I concur that the 2nd statement is not True. HOWE...
# sdf
s
I concur that the 2nd statement is not True. HOWEVER, I do at times have to revoke and reissue my Tokens to change environments in Eclipse. Meaning if I change from SB to Prod as my SDF target I will get a error, go revoke and reissue my token in eclipse and it works.
z
Actually, the behavior you describe is precisely why the second statement is true. 😉 The token-related behavior you describe is the problem. The root cause is the use of the Production role and its Sandbox clone concurrently. That's the issue. The "solution": create a different SDF role in Sandbox and issue a new token the user with that new role. Same SDF-bundle integration. Problem goes away. I say "solution" b/c to me it smells like a workaround (see footnote). (FOOTNOTE. Warning - what follows is conjecture. Fun! But impossible to substantiate. At some level, account-user-role is being treated as a globally unique key. Probably NetSuite's TBA session-management registers/identifies the session with a compound key on account-user-role, without respect for the environment. That would be fine if each account had one environment. But since there can be many environments, and since authentication is environment-specific, mayhem ensues when one environment's session is still active, and and a second environment attempts to initiate a session with the same account-user-role combination. I'm guessing that even one instance invalidates the second token--and, indeed, in my experience, this happens once, and the token can't be used [need to revoke and create a new one]. The solution of creating a new role is really a workaround [it shouldn't be necessary]: if one creates a new role in the SB and uses it for SB tokens, those tokens can never "overlap" with those of production, since the role in the account-user-role key would only exist in SB. Again, this is all conjecture, in fun.
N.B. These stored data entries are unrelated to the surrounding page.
(* Let $p\ge 5$ be a prime and $k$ an integer with $1\le k\le \frac{p-3}{2}$, and put $t=p-1-2k$. Then, modulo $p$, \[ (-1)^k 4^{2k-1} E_t \equiv 16^t S_t(0, \tfrac{1}{64}) + 2^t S_t(\tfrac{3}{8}, \tfrac{7}{16}) + (2^t + 4^t) S_t(\tfrac{7}{16}, \tfrac{15}{32}) + (2^t + 4^t + 8^t) S_t(\tfrac{15}{32}, \tfrac{31}{64}) + (2^t + 4^t + 8^t + 16^t) S_t(\tfrac{31}{64}, \tfrac{1}{2}). \]
   Context: $E_n$ denotes the $n$th Euler number, defined by $\sec z=\sum_{n\ge0}E_n\frac{z^n}{n!}$ (so $E_2=1$, $E_4=5$). For a prime $p$, an integer $\ell$ and real numbers $0\le x<y\le 1$, $S_\ell(x,y)=\sum_{xp<s<yp} s^\ell$, the sum over integers $s$ strictly between $xp$ and $yp$. Congruences between rational numbers modulo $p$ mean that the difference has $p$-adic valuation at least $1$. *)

theory Defs
  imports "HOL-Computational_Algebra.Computational_Algebra"
begin

definition euler_num :: "nat \<Rightarrow> rat" where
  "euler_num n = fact n * fps_nth (inverse (fps_cos (1::rat))) n"

definition S_sum :: "int \<Rightarrow> nat \<Rightarrow> rat \<Rightarrow> rat \<Rightarrow> rat" where
  "S_sum l p x y = (\<Sum>s\<in>{s::int. x * of_nat p < of_int s \<and> of_int s < y * of_nat p}. (of_int s) powi l)"

text \<open>Congruence of rationals modulo a prime p: the difference has p-adic valuation at least 1.\<close>
definition qcong :: "nat \<Rightarrow> rat \<Rightarrow> rat \<Rightarrow> bool" where
  "qcong p a b \<longleftrightarrow> (\<exists>m n::int. a - b = of_int m / of_int n \<and> int p dvd m \<and> \<not> int p dvd n)"

end

theory Submission
  imports Defs "HOL-Number_Theory.Number_Theory"
begin

text \<open>
  Both (-1)^(n div 2) E_n and D(n) = \<Sum>j<p. (-1)^j (2j+1)^n satisfy the recurrence
  \<Sum>(i \<le> n, i even) (n choose i) a(n - i) \<equiv> 0 (mod p) for n \<ge> 1: the first because
  cos z sec z = 1, the second because twice its left-hand side telescopes to (2p)^n and p is odd.
  Hence (-1)^(t div 2) E_t \<equiv> D(t).  For p = 2m + 1 and even 0 < t < p - 1, pairing the terms
  j = m - u and j = m + u gives D(t) \<equiv> 2 (-1)^m 2^t \<Sum>(u \<le> m) (-1)^u u^t.  Adding
  \<Sum>(u \<le> m) u^t, which is half of the vanishing power sum \<Sum>(s < p) s^t, leaves only the even u,
  so D(t) \<equiv> (-1)^m 4^(t+1) S_t(0, 1/4).  Finally, sorting the s in S_t(x, y) by parity and
  writing the odd ones as p - 2r gives S_t(x, y) \<equiv> 2^t (S_t(x/2, y/2) + S_t((1-y)/2, (1-x)/2));
  four such halvings starting from (0, 1/4) produce the right-hand side, and Fermat's
  4^(p-1) \<equiv> 1 absorbs the remaining power of 4.
\<close>

section \<open>Euler numbers modulo an odd number\<close>

definition even_binomial_sum :: "(nat \<Rightarrow> 'a::comm_semiring_1) \<Rightarrow> nat \<Rightarrow> 'a" where
  "even_binomial_sum a n = (\<Sum>i\<le>n. if even i then of_nat (n choose i) * a (n - i) else 0)"

lemma even_binomial_sum_eq:
  "even_binomial_sum a n = a n + (\<Sum>i=1..n. if even i then of_nat (n choose i) * a (n - i) else 0)"
proof -
  have "{..n} = insert 0 {1..n}" by auto
  then show ?thesis unfolding even_binomial_sum_def by simp
qed

lemma even_binomial_sum_sum:
  "even_binomial_sum (\<lambda>k. \<Sum>j\<in>J. f j k) n = (\<Sum>j\<in>J. even_binomial_sum (f j) n)"
  unfolding even_binomial_sum_def sum_distrib_left
  by (subst sum.swap[symmetric]) (auto intro!: sum.cong)

lemma even_binomial_sum_cmult:
  "even_binomial_sum (\<lambda>k. c * a k) n = c * even_binomial_sum a n"
  unfolding even_binomial_sum_def sum_distrib_left by (auto intro!: sum.cong simp: ac_simps)

lemma of_int_even_binomial_sum:
  "of_int (even_binomial_sum a n) = even_binomial_sum (\<lambda>k. of_int (a k)) n"
  unfolding even_binomial_sum_def of_int_sum by (auto intro!: sum.cong)

lemma even_binomial_sum_power:
  fixes x :: "'a::comm_ring_1"
  shows "2 * even_binomial_sum (\<lambda>k. x ^ k) n = (x + 1) ^ n + (x - 1) ^ n"
proof -
  have "(x + 1) ^ n + (x - 1) ^ n = (\<Sum>i\<le>n. of_nat (n choose i) * (1 + (-1) ^ i) * x ^ (n - i))"
    using binomial_ring[of 1 x n] binomial_ring[of "-1" x n]
    by (simp add: add.commute sum.distrib[symmetric] algebra_simps)
  also have "\<dots> = (\<Sum>i\<le>n. 2 * (if even i then of_nat (n choose i) * x ^ (n - i) else 0))"
    by (rule sum.cong) auto
  finally show ?thesis by (simp add: even_binomial_sum_def sum_distrib_left)
qed

lemma signed_euler_num_recurrence:
  assumes "n \<ge> 1"
  shows "even_binomial_sum (\<lambda>k. (-1) ^ (k div 2) * euler_num k) n = 0"
proof -
  let ?c = "fps_cos (1::rat)"
  have "(?c * inverse ?c) $ n = 0"
    using assms by (simp add: inverse_mult_eq_1')
  then have "fact n * (\<Sum>i\<le>n. ?c $ i * inverse ?c $ (n - i)) = 0"
    by (simp add: fps_mult_nth atLeast0AtMost)
  also have "fact n * (\<Sum>i\<le>n. ?c $ i * inverse ?c $ (n - i))
      = (-1) ^ (n div 2) * even_binomial_sum (\<lambda>k. (-1) ^ (k div 2) * euler_num k) n"
    unfolding even_binomial_sum_def sum_distrib_left
  proof (rule sum.cong[OF refl])
    fix i assume "i \<in> {..n}"
    then have "i \<le> n" by simp
    have binom: "(of_nat (n choose i) :: rat) = fact n / (fact i * fact (n - i))"
      using \<open>i \<le> n\<close> by (simp add: binomial_fact)
    have "(-1::rat) ^ (n div 2) * (-1) ^ ((n - i) div 2) = (-1) ^ (i div 2)" if "even i"
    proof -
      have "n div 2 = i div 2 + (n - i) div 2" using that \<open>i \<le> n\<close> by auto
      then show ?thesis by (simp add: power_add mult.assoc flip: power_mult_distrib)
    qed
    then show "fact n * (?c $ i * inverse ?c $ (n - i)) = (-1) ^ (n div 2) *
        (if even i then of_nat (n choose i) * ((-1) ^ ((n - i) div 2) * euler_num (n - i)) else 0)"
      by (auto simp: binom fps_cos_def euler_num_def field_simps)
  qed
  finally show ?thesis by simp
qed

lemma Ints_of_even_binomial_recurrence:
  fixes a :: "nat \<Rightarrow> 'a::comm_ring_1"
  assumes "a 0 \<in> \<int>" and "\<And>n. n \<ge> 1 \<Longrightarrow> even_binomial_sum a n = 0"
  shows "a n \<in> \<int>"
proof (induction n rule: less_induct)
  case (less n)
  show ?case
  proof (cases "n = 0")
    case False
    then have "a n = - (\<Sum>i=1..n. if even i then of_nat (n choose i) * a (n - i) else 0)"
      using assms(2)[of n] even_binomial_sum_eq[of a n] by (simp add: eq_neg_iff_add_eq_0)
    also have "\<dots> \<in> \<int>"
      using less by (intro Ints_minus Ints_sum) auto
    finally show ?thesis .
  qed (use assms(1) in simp)
qed

lemma euler_num_Ints: "euler_num n \<in> \<int>"
proof -
  have "(-1) ^ (n div 2) * euler_num n \<in> \<int>"
    by (rule Ints_of_even_binomial_recurrence[where a = "\<lambda>k. (-1) ^ (k div 2) * euler_num k"])
      (simp add: euler_num_def, simp add: signed_euler_num_recurrence)
  moreover have "euler_num n = (-1) ^ (n div 2) * ((-1) ^ (n div 2) * euler_num n)"
    by (simp flip: mult.assoc power_mult_distrib)
  ultimately show ?thesis
    by (metis Ints_mult Ints_minus Ints_1 Ints_power)
qed

lemma cong_of_even_binomial_recurrence:
  fixes a b :: "nat \<Rightarrow> int"
  assumes "a 0 = b 0"
    and "\<And>n. n \<ge> 1 \<Longrightarrow> [even_binomial_sum a n = 0] (mod q)"
    and "\<And>n. n \<ge> 1 \<Longrightarrow> [even_binomial_sum b n = 0] (mod q)"
  shows "[a n = b n] (mod q)"
proof (induction n rule: less_induct)
  case (less n)
  show ?case
  proof (cases "n = 0")
    case False
    define tail where "tail c = (\<Sum>i=1..n. if even i then int (n choose i) * c (n - i) else 0)"
      for c :: "nat \<Rightarrow> int"
    have "[a n + tail a = 0] (mod q)" and "[b n + tail b = 0] (mod q)"
      using assms(2,3)[of n] False by (simp_all add: even_binomial_sum_eq tail_def)
    then have "[a n + tail a = b n + tail b] (mod q)"
      using cong_sym cong_trans by blast
    moreover have "[tail a = tail b] (mod q)"
      unfolding tail_def using less by (intro cong_sum) (auto intro: cong_mult)
    ultimately show ?thesis
      using cong_diff by fastforce
  qed (use assms(1) in simp)
qed

definition alternating_odd_power_sum :: "nat \<Rightarrow> nat \<Rightarrow> int" where
  "alternating_odd_power_sum p n = (\<Sum>j<p. (-1) ^ j * (2 * int j + 1) ^ n)"

lemma alternating_sum_telescope:
  "(\<Sum>j<N. (-1) ^ j * (g (Suc j) + g j)) = g 0 - (-1) ^ N * (g N :: 'a::comm_ring_1)"
  by (induction N) (auto simp: algebra_simps)

lemma alternating_odd_power_sum_0:
  assumes "odd p"
  shows "alternating_odd_power_sum p 0 = 1"
proof -
  have "(\<Sum>j<N. (-1::int) ^ j) = (if odd N then 1 else 0)" for N
    by (induction N) auto
  then show ?thesis
    using assms by (simp add: alternating_odd_power_sum_def)
qed

lemma alternating_odd_power_sum_recurrence:
  assumes "odd p" and "n \<ge> 1"
  shows "2 * even_binomial_sum (alternating_odd_power_sum p) n = (2 * int p) ^ n"
proof -
  have "2 * even_binomial_sum (alternating_odd_power_sum p) n
      = (\<Sum>j<p. (-1) ^ j * (2 * even_binomial_sum (\<lambda>k. (2 * int j + 1) ^ k) n))"
    unfolding alternating_odd_power_sum_def
    by (simp add: even_binomial_sum_sum even_binomial_sum_cmult sum_distrib_left ac_simps)
  also have "\<dots> = (\<Sum>j<p. (-1) ^ j * ((2 * int (Suc j)) ^ n + (2 * int j) ^ n))"
    by (simp add: even_binomial_sum_power algebra_simps)
  also have "\<dots> = (2 * int 0) ^ n - (-1) ^ p * (2 * int p) ^ n"
    by (rule alternating_sum_telescope)
  finally show ?thesis
    using assms by simp
qed

lemma signed_euler_num_cong:
  assumes "odd p"
  shows "[(-1) ^ (n div 2) * \<lfloor>euler_num n\<rfloor> = alternating_odd_power_sum p n] (mod int p)"
proof (rule cong_of_even_binomial_recurrence)
  show "(-1) ^ (0 div 2) * \<lfloor>euler_num 0\<rfloor> = alternating_odd_power_sum p 0"
    using assms by (simp add: alternating_odd_power_sum_0 euler_num_def)
next
  fix n :: nat assume "n \<ge> 1"
  have "of_int (even_binomial_sum (\<lambda>k. (-1) ^ (k div 2) * \<lfloor>euler_num k\<rfloor>) n)
      = even_binomial_sum (\<lambda>k. (-1) ^ (k div 2) * euler_num k) n"
    by (simp add: of_int_even_binomial_sum euler_num_Ints)
  then show "[even_binomial_sum (\<lambda>k. (-1) ^ (k div 2) * \<lfloor>euler_num k\<rfloor>) n = 0] (mod int p)"
    using signed_euler_num_recurrence[OF \<open>n \<ge> 1\<close>] by simp
  have "coprime 2 (int p)"
    using assms by simp
  moreover have "[2 * even_binomial_sum (alternating_odd_power_sum p) n = 2 * 0] (mod int p)"
    using alternating_odd_power_sum_recurrence[OF assms \<open>n \<ge> 1\<close>] \<open>n \<ge> 1\<close>
    by (simp add: cong_0_iff power_mult_distrib)
  ultimately show "[even_binomial_sum (alternating_odd_power_sum p) n = 0] (mod int p)"
    by (simp only: cong_mult_lcancel)
qed

section \<open>Power sums modulo a prime\<close>

lemma even_power_reflect_cong:
  fixes P x :: int
  assumes "even t"
  shows "[(P - x) ^ t = x ^ t] (mod P)"
proof -
  have "[(P - x) ^ t = (- x) ^ t] (mod P)"
    by (intro cong_pow) (simp add: cong_iff_dvd_diff)
  then show ?thesis
    using assms by simp
qed

lemma power_shift_cong:
  fixes P x :: int
  shows "[(P + x) ^ t = x ^ t] (mod P)"
  by (intro cong_pow) (simp add: cong_iff_dvd_diff)

lemma power_sum_mod_prime:
  assumes "prime p" and "\<not> (p - 1) dvd t"
  shows "[(\<Sum>s=1..<p. int s ^ t) = 0] (mod int p)"
proof -
  obtain g where "residue_primroot p g"
    using prime_primitive_root_exists[OF prime_gt_1_nat assms(1)] assms(1) by blast
  then have cop: "coprime (int g) (int p)" and ord: "ord p g = p - 1"
    using assms(1) by (auto simp: residue_primroot_def totient_prime coprime_commute)
  define S where "S = (\<Sum>s\<in>{1..<int p}. s ^ t)"
  have "S = (\<Sum>s\<in>{1..<int p}. (int g * s mod int p) ^ t)"
    unfolding S_def
    using sum.reindex_bij_betw[OF bij_betw_int_remainders_mult[OF cop], of "\<lambda>s. s ^ t"] by simp
  also have "[\<dots> = (\<Sum>s\<in>{1..<int p}. (int g * s) ^ t)] (mod int p)"
    by (intro cong_sum cong_pow) (simp add: cong_def)
  also have "(\<Sum>s\<in>{1..<int p}. (int g * s) ^ t) = int g ^ t * S"
    by (simp add: S_def power_mult_distrib sum_distrib_left)
  finally have "int p dvd S * (1 - int g ^ t)"
    by (simp add: cong_iff_dvd_diff algebra_simps)
  moreover have "\<not> int p dvd 1 - int g ^ t"
  proof
    assume "int p dvd 1 - int g ^ t"
    then have "[g ^ t = 1] (mod p)"
      by (simp add: cong_iff_dvd_diff dvd_diff_commute flip: cong_int_iff)
    then show False
      using assms(2) ord by (simp add: ord_divides')
  qed
  ultimately have "int p dvd S"
    using assms(1) by (simp add: prime_dvd_mult_iff)
  moreover have "S = (\<Sum>s=1..<p. int s ^ t)"
    unfolding S_def by (rule sum.reindex_bij_witness[of _ int nat]) auto
  ultimately show ?thesis
    by (simp add: cong_0_iff)
qed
One way to test the notion of account-user-role as globally unique key would be to create a new SDF role in both environments immediately after a SB refresh, in the hope that it would take the same Internal ID [sometimes that happens]. Then, issue a new token to the same user in each environment separately, using the newly created role. If the problematic token-related behavior occurred, then we would know that the root cause relates to the use of account-user-role as a globally unique key to identify the session. It wouldn't even have anything to do with the fact that the Sandbox had a "clone": it would be the coincidence of a role with the same Internal ID, pointing to the problem of a not-quite-globally unique key.)